### SUPPLIED INFORMATION
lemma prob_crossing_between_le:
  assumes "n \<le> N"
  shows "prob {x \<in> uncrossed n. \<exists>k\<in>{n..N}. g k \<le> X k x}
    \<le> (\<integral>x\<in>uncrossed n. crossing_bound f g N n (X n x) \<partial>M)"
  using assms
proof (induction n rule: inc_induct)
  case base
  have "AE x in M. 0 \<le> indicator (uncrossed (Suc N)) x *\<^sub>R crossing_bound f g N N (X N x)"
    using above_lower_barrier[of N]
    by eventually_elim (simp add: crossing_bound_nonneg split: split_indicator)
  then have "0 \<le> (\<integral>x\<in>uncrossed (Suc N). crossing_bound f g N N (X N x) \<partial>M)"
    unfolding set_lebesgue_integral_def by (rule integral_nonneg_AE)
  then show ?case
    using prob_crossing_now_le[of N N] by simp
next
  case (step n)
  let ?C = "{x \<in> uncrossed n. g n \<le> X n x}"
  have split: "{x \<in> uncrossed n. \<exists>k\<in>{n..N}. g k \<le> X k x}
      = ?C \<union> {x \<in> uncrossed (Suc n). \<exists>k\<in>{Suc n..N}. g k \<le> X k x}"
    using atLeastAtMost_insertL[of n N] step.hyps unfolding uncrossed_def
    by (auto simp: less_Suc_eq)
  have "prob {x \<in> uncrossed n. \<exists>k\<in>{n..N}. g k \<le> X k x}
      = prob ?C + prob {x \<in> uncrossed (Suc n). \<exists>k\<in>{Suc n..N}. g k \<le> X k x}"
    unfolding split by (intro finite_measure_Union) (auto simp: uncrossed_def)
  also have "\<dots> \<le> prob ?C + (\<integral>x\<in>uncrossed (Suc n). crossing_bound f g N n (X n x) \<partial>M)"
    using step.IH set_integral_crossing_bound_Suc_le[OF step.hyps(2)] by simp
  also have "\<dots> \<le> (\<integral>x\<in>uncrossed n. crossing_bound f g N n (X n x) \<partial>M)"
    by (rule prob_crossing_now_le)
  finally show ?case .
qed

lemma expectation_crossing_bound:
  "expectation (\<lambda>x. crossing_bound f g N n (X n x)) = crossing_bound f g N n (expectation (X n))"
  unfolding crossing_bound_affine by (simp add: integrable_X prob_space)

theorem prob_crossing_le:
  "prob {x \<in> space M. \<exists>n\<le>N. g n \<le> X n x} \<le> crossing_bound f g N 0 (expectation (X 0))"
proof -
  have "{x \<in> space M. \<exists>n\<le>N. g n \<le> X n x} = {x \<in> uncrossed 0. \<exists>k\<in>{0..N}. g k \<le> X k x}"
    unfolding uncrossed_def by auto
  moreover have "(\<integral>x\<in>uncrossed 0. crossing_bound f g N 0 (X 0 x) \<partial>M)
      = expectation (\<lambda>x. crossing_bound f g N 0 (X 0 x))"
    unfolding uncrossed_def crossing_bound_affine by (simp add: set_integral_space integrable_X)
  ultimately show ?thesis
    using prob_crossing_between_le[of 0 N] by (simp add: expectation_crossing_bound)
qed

### EXERCISE AIM
Write out every entry word for word.

### RESULT
lemma prob_crossing_between_le:
  assumes "n \<le> N"
  shows "prob {x \<in> uncrossed n. \<exists>k\<in>{n..N}. g k \<le> X k x}
    \<le> (\<integral>x\<in>uncrossed n. crossing_bound f g N n (X n x) \<partial>M)"
  using assms
proof (induction n rule: inc_induct)
  case base
  have "AE x in M. 0 \<le> indicator (uncrossed (Suc N)) x *\<^sub>R crossing_bound f g N N (X N x)"
    using above_lower_barrier[of N]
    by eventually_elim (simp add: crossing_bound_nonneg split: split_indicator)
  then have "0 \<le> (\<integral>x\<in>uncrossed (Suc N). crossing_bound f g N N (X N x) \<partial>M)"
    unfolding set_lebesgue_integral_def by (rule integral_nonneg_AE)
  then show ?case
    using prob_crossing_now_le[of N N] by simp
next
  case (step n)
  let ?C = "{x \<in> uncrossed n. g n \<le> X n x}"
  have split: "{x \<in> uncrossed n. \<exists>k\<in>{n..N}. g k \<le> X k x}
      = ?C \<union> {x \<in> uncrossed (Suc n). \<exists>k\<in>{Suc n..N}. g k \<le> X k x}"
    using atLeastAtMost_insertL[of n N] step.hyps unfolding uncrossed_def
    by (auto simp: less_Suc_eq)
  have "prob {x \<in> uncrossed n. \<exists>k\<in>{n..N}. g k \<le> X k x}
      = prob ?C + prob {x \<in> uncrossed (Suc n). \<exists>k\<in>{Suc n..N}. g k \<le> X k x}"
    unfolding split by (intro finite_measure_Union) (auto simp: uncrossed_def)
  also have "\<dots> \<le> prob ?C + (\<integral>x\<in>uncrossed (Suc n). crossing_bound f g N n (X n x) \<partial>M)"
    using step.IH set_integral_crossing_bound_Suc_le[OF step.hyps(2)] by simp
  also have "\<dots> \<le> (\<integral>x\<in>uncrossed n. crossing_bound f g N n (X n x) \<partial>M)"
    by (rule prob_crossing_now_le)
  finally show ?case .
qed

lemma expectation_crossing_bound:
  "expectation (\<lambda>x. crossing_bound f g N n (X n x)) = crossing_bound f g N n (expectation (X n))"
  unfolding crossing_bound_affine by (simp add: integrable_X prob_space)

theorem prob_crossing_le:
  "prob {x \<in> space M. \<exists>n\<le>N. g n \<le> X n x} \<le> crossing_bound f g N 0 (expectation (X 0))"
proof -
  have "{x \<in> space M. \<exists>n\<le>N. g n \<le> X n x} = {x \<in> uncrossed 0. \<exists>k\<in>{0..N}. g k \<le> X k x}"
    unfolding uncrossed_def by auto
  moreover have "(\<integral>x\<in>uncrossed 0. crossing_bound f g N 0 (X 0 x) \<partial>M)
      = expectation (\<lambda>x. crossing_bound f g N 0 (X 0 x))"
    unfolding uncrossed_def crossing_bound_affine by (simp add: set_integral_space integrable_X)
  ultimately show ?thesis
    using prob_crossing_between_le[of 0 N] by (simp add: expectation_crossing_bound)
qed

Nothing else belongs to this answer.